Police have said 18 officers, four state troopers and more than 200 bikers were at Twin Peaks at the time. Investigators have said the shooting began during an apparent confrontation between the Bandidos, the predominant motorcycle club in Texas, and the Cossacks, and it then spilled into the parking lot. Video viewed by the AP indicated that the fight began outside.

Ron Blackett, a Confederation of Clubs and Independents leader who is a former Army and Coast Guard officer, also reported hearing one or two pistol shots followed by a blast of assault rifle fire from where he was parked in a lot behind Twin Peaks.

According to some records released to the AP following a public information request for 911 calls, Officer Brandon Blasingame reported “shots fired,” to a dispatcher at 12:26 p.m.

“Two shot behind Twin Peaks,” Blasingame reported two minutes later.

“They have an AR-15,” he said in the next dispatch. It was unclear who he meant had the rifle, and if it was something he saw or was told.

The chronology ends at 12:31 p.m. and police have refused to release the rest of the report, saying it could compromise the investigation. Blasingame did not respond to requests for comment.

Waco police spokesman Sgt. W. Patrick Swanton said the witnesses’ depictions of events are “absolutely incorrect,” asserting that police shot fewer rounds than the bikers. He confirmed that some officers carry semi-automatic weapons, which fire a single shot with every pull of the trigger, and automatically reload between shots. Swanton declined to say whether police were equipped with automatic weapons or whether they used such weapons during the shootout. Many U.S. police departments have automatic weapons.

Jennifer Cicolani, of the Bureau of Alcohol, Tobacco, Firearms and Explosives, noted that an automatic gun can shoot more bullets in less time than a semi-automatic weapon.

Swanton declined to say whether assault weapons beyond the gun in the car, an AK-47, had been seized, reiterating that 318 weapons were collected, including that gun, handguns, brass knuckles, knives and chains.
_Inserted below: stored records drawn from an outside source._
(* Let $\mathcal{H}$ be an $n$-dimensional (real or complex) Hilbert space, let $F=\{f_i\}_{i=1}^N$ be a tight frame for $\mathcal{H}$, and let $\{q_i\}_{i=1}^N$ be the weight number sequence associated with a probability sequence $\{p_i\}_{i=1}^N$. Then $(F,S_F^{-1}F)$ is the unique 1-erasure POD-pair among the dual pairs $(F,G)$ with $G$ a dual of $F$ if and only if $(F,S_F^{-1}F)$ is the unique 1-erasure PASOD-pair among the dual pairs $(F,G)$ with $G$ a dual of $F$.
   Context: A finite sequence $F=\{f_i\}_{i=1}^N$ in $\mathcal{H}$ is a frame if there are $A,B>0$ with $A\|f\|^2\le\sum_{i=1}^N|\langle f,f_i\rangle|^2\le B\|f\|^2$ for all $f$; it is tight if one can take $A=B$. The frame operator is $S_Ff=\sum_i\langle f,f_i\rangle f_i$; canonical dual $S_F^{-1}F=\{S_F^{-1}f_i\}_{i=1}^N$. A frame $G=\{g_i\}_{i=1}^N$ is a dual of $F$ if $f=\sum_i\langle f,f_i\rangle g_i=\sum_i\langle f,g_i\rangle f_i$ for all $f$; then $(F,G)$ is an $(N,n)$ dual pair. A probability sequence is $\{p_i\}_{i=1}^N$ with $0\le p_i\le1$, $\sum p_i=1$; weight numbers $q_i=\frac{\sum_{j} p_j}{\sum_{j} p_j-p_i}\cdot\frac{N-1}{n}$. For $\Lambda\subseteq\{1,\dots,N\}$ the error operator is $E_{\Lambda,(F,G)}f=\sum_{i\in\Lambda}q_i\langle f,f_i\rangle g_i$. Let $\mathcal{O}_P^{(1)}(F,G)=\max_{|\Lambda|=1}\|E_{\Lambda,(F,G)}\|$ and $\mathcal{A}_P^{(1)}(F,G)=\max_{|\Lambda|=1}\frac{\|E_{\Lambda,(F,G)}\|+\rho(E_{\Lambda,(F,G)})}{2}$ ($\rho$ = spectral radius); let $\mathcal{O}_P^{(1)}$ and $\mathcal{A}_P^{(1)}$ be their infima over all $(N,n)$ dual pairs in $\mathcal{H}$. A dual pair is a 1-erasure POD-pair if $\mathcal{O}_P^{(1)}(F,G)=\mathcal{O}_P^{(1)}$, and a 1-erasure PASOD-pair if $\mathcal{A}_P^{(1)}(F,G)=\mathcal{A}_P^{(1)}$. *)

theory Defs
  imports "Jordan_Normal_Form.Spectral_Radius"
begin
(* Let $R$ be a ring with unity, $N\geq 2$, and let $C$ be an $N$-complex of $R$-modules. Then $C$ is contractible if and only if $C$ is isomorphic to a direct sum (equivalently, product) of $N$-disks $\bigoplus_{n\in\mathbb{Z}} D^N_n(M_n)=\prod_{n\in\mathbb{Z}} D^N_n(M_n)$ for some family of $R$-modules $\{M_n\}_{n\in\mathbb{Z}}$. Moreover, in this case one can take $M_n={}_1Z_{n-(N-1)}(C)$.
   Context: An $N$-complex $X$ is a sequence of $R$-modules and maps $d_n:X_n\to X_{n-1}$ with any composite of $N$ consecutive maps equal to $0$. Chain maps are degreewise maps commuting with differentials. Two chain maps $f,g:X\to Y$ are chain homotopic if there are maps $s_n:X_n\to Y_{n+N-1}$ with $g_n-f_n=\sum_{i=0}^{N-1} d^{N-1-i}s_{n-i}d^i$ for all $n$; $C$ is contractible if $1_C$ is chain homotopic to $0$. For an $R$-module $M$, the disk $D^N_n(M)$ is the $N$-complex equal to $M$ in degrees $n,n-1,\dots,n-(N-1)$, joined by identity maps, and $0$ elsewhere. For an $N$-complex $X$, ${}_1Z_n(X)=\ker(d_n:X_n\to X_{n-1})$. *)

theory Defs
  imports "HOL-Algebra.Ring" "HOL-Algebra.Module"
begin

text \<open>Left modules over an arbitrary (not necessarily commutative) ring with unity.
  (The library locale module requires a commutative ring, so we state the axioms directly.)\<close>
definition lmodule :: "('a, 'c) ring_scheme \<Rightarrow> ('a, 'b, 'd) module_scheme \<Rightarrow> bool" where
  "lmodule R M \<longleftrightarrow> ring R \<and> abelian_group M \<and>
     (\<forall>a\<in>carrier R. \<forall>x\<in>carrier M. a \<odot>\<^bsub>M\<^esub> x \<in> carrier M) \<and>
     (\<forall>a\<in>carrier R. \<forall>b\<in>carrier R. \<forall>x\<in>carrier M.
        (a \<oplus>\<^bsub>R\<^esub> b) \<odot>\<^bsub>M\<^esub> x = a \<odot>\<^bsub>M\<^esub> x \<oplus>\<^bsub>M\<^esub> b \<odot>\<^bsub>M\<^esub> x) \<and>
     (\<forall>a\<in>carrier R. \<forall>x\<in>carrier M. \<forall>y\<in>carrier M.
        a \<odot>\<^bsub>M\<^esub> (x \<oplus>\<^bsub>M\<^esub> y) = a \<odot>\<^bsub>M\<^esub> x \<oplus>\<^bsub>M\<^esub> a \<odot>\<^bsub>M\<^esub> y) \<and>
     (\<forall>a\<in>carrier R. \<forall>b\<in>carrier R. \<forall>x\<in>carrier M.
        (a \<otimes>\<^bsub>R\<^esub> b) \<odot>\<^bsub>M\<^esub> x = a \<odot>\<^bsub>M\<^esub> (b \<odot>\<^bsub>M\<^esub> x)) \<and>
     (\<forall>x\<in>carrier M. \<one>\<^bsub>R\<^esub> \<odot>\<^bsub>M\<^esub> x = x)"

definition lin_map :: "('a, 'c) ring_scheme \<Rightarrow> ('a, 'b, 'd) module_scheme \<Rightarrow> ('a, 'e, 'f) module_scheme
    \<Rightarrow> ('b \<Rightarrow> 'e) \<Rightarrow> bool" where
  "lin_map R M N f \<longleftrightarrow> (\<forall>x\<in>carrier M. f x \<in> carrier N) \<and>
     (\<forall>x\<in>carrier M. \<forall>y\<in>carrier M. f (x \<oplus>\<^bsub>M\<^esub> y) = f x \<oplus>\<^bsub>N\<^esub> f y) \<and>
     (\<forall>a\<in>carrier R. \<forall>x\<in>carrier M. f (a \<odot>\<^bsub>M\<^esub> x) = a \<odot>\<^bsub>N\<^esub> f x)"

text \<open>An N-complex is given by modules X n (n :: int) and differentials d n : X n -> X (n-1).
  dpow d k n is the k-fold composite d (n-k+1) o ... o d n : X n -> X (n-k).\<close>
fun dpow :: "(int \<Rightarrow> 'b \<Rightarrow> 'b) \<Rightarrow> nat \<Rightarrow> int \<Rightarrow> 'b \<Rightarrow> 'b" where
  "dpow d 0 n = id"
| "dpow d (Suc k) n = d (n - int k) \<circ> dpow d k n"

definition ncomplex :: "('a, 'c) ring_scheme \<Rightarrow> nat \<Rightarrow> (int \<Rightarrow> ('a, 'b, 'd) module_scheme)
    \<Rightarrow> (int \<Rightarrow> 'b \<Rightarrow> 'b) \<Rightarrow> bool" where
  "ncomplex R N X d \<longleftrightarrow> (\<forall>n. lmodule R (X n)) \<and> (\<forall>n. lin_map R (X n) (X (n - 1)) (d n)) \<and>
     (\<forall>n. \<forall>x\<in>carrier (X n). dpow d N n x = \<zero>\<^bsub>X (n - int N)\<^esub>)"

definition chain_map :: "('a, 'c) ring_scheme \<Rightarrow> (int \<Rightarrow> ('a, 'b, 'd) module_scheme) \<Rightarrow> (int \<Rightarrow> 'b \<Rightarrow> 'b)
    \<Rightarrow> (int \<Rightarrow> ('a, 'e, 'f) module_scheme) \<Rightarrow> (int \<Rightarrow> 'e \<Rightarrow> 'e) \<Rightarrow> (int \<Rightarrow> 'b \<Rightarrow> 'e) \<Rightarrow> bool" where
  "chain_map R X dX Y dY f \<longleftrightarrow> (\<forall>n. lin_map R (X n) (Y n) (f n)) \<and>
     (\<forall>n. \<forall>x\<in>carrier (X n). f (n - 1) (dX n x) = dY n (f n x))"

definition chain_homotopic :: "('a, 'c) ring_scheme \<Rightarrow> nat \<Rightarrow> (int \<Rightarrow> ('a, 'b, 'd) module_scheme)
    \<Rightarrow> (int \<Rightarrow> 'b \<Rightarrow> 'b) \<Rightarrow> (int \<Rightarrow> ('a, 'e, 'f) module_scheme) \<Rightarrow> (int \<Rightarrow> 'e \<Rightarrow> 'e)
    \<Rightarrow> (int \<Rightarrow> 'b \<Rightarrow> 'e) \<Rightarrow> (int \<Rightarrow> 'b \<Rightarrow> 'e) \<Rightarrow> bool" where
  "chain_homotopic R N X dX Y dY f g \<longleftrightarrow>
     chain_map R X dX Y dY f \<and> chain_map R X dX Y dY g \<and>
     (\<exists>s. (\<forall>n. lin_map R (X n) (Y (n + int N - 1)) (s n)) \<and>
       (\<forall>n. \<forall>x\<in>carrier (X n).
          g n x \<ominus>\<^bsub>Y n\<^esub> f n x =
          finsum (Y n) (\<lambda>i. dpow dY (N - 1 - i) (n - int i + int N - 1) (s (n - int i) (dpow dX i n x)))
            {0..<N}))"

definition contractible :: "('a, 'c) ring_scheme \<Rightarrow> nat \<Rightarrow> (int \<Rightarrow> ('a, 'b, 'd) module_scheme)
    \<Rightarrow> (int \<Rightarrow> 'b \<Rightarrow> 'b) \<Rightarrow> bool" where
  "contractible R N X d \<longleftrightarrow> chain_homotopic R N X d X d (\<lambda>n x. x) (\<lambda>n x. \<zero>\<^bsub>X n\<^esub>)"

definition ncomplex_iso :: "('a, 'c) ring_scheme \<Rightarrow> (int \<Rightarrow> ('a, 'b, 'd) module_scheme) \<Rightarrow> (int \<Rightarrow> 'b \<Rightarrow> 'b)
    \<Rightarrow> (int \<Rightarrow> ('a, 'e, 'f) module_scheme) \<Rightarrow> (int \<Rightarrow> 'e \<Rightarrow> 'e) \<Rightarrow> bool" where
  "ncomplex_iso R X dX Y dY \<longleftrightarrow>
     (\<exists>f. chain_map R X dX Y dY f \<and> (\<forall>n. bij_betw (f n) (carrier (X n)) (carrier (Y n))))"

text \<open>The N-complex (direct sum = product) of the disks D^N_n(M n), n :: int.
  In degree k it is the (finite) direct sum of the M n with k <= n <= k+N-1, represented by
  functions on int supported in {k..k+N-1}; the differential is the identity on the components
  n with k <= n <= k+N-2 and zero on the component n = k+N-1 (which is absent in degree k-1).\<close>
definition disk_deg :: "nat \<Rightarrow> (int \<Rightarrow> ('a, 'b, 'd) module_scheme) \<Rightarrow> int \<Rightarrow> ('a, int \<Rightarrow> 'b) module" where
  "disk_deg N M k = \<lparr> carrier = {f. (\<forall>j\<in>{k..k + int N - 1}. f j \<in> carrier (M j)) \<and>
                                    (\<forall>j. j \<notin> {k..k + int N - 1} \<longrightarrow> f j = undefined)},
     mult = (\<lambda>f g. undefined), one = undefined,
     zero = (\<lambda>j. if j \<in> {k..k + int N - 1} then \<zero>\<^bsub>M j\<^esub> else undefined),
     add = (\<lambda>f g j. if j \<in> {k..k + int N - 1} then f j \<oplus>\<^bsub>M j\<^esub> g j else undefined),
     smult = (\<lambda>a f j. if j \<in> {k..k + int N - 1} then a \<odot>\<^bsub>M j\<^esub> f j else undefined) \<rparr>"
Waco police have sent the weapons to a ballistics lab in Washington, D.C., and say it could take months to get results to show which bullets struck the dead and injured.

After the melee, police records show officers rounded up anyone suspected of being part of a biker gang, targeting those in leather vests and patches. Neither Blackett nor Cochran was arrested. English and his wife were, and were held for more than two weeks before being released on $25,000 bail.

“One of the sheriff’s officers said we were going to be interviewed and turned loose,” said English, who was wearing a leather vest that day with the name of his club on it.

Nearly all of those arrested were charged with engaging in organized crime, a felony. About 60 people had bonded out by Thursday, but those with the closest views of the shooting remain in jail and cannot talk, say the bikers’ attorneys.

A biker rally to support those still in jail is planned for Sunday in Waco.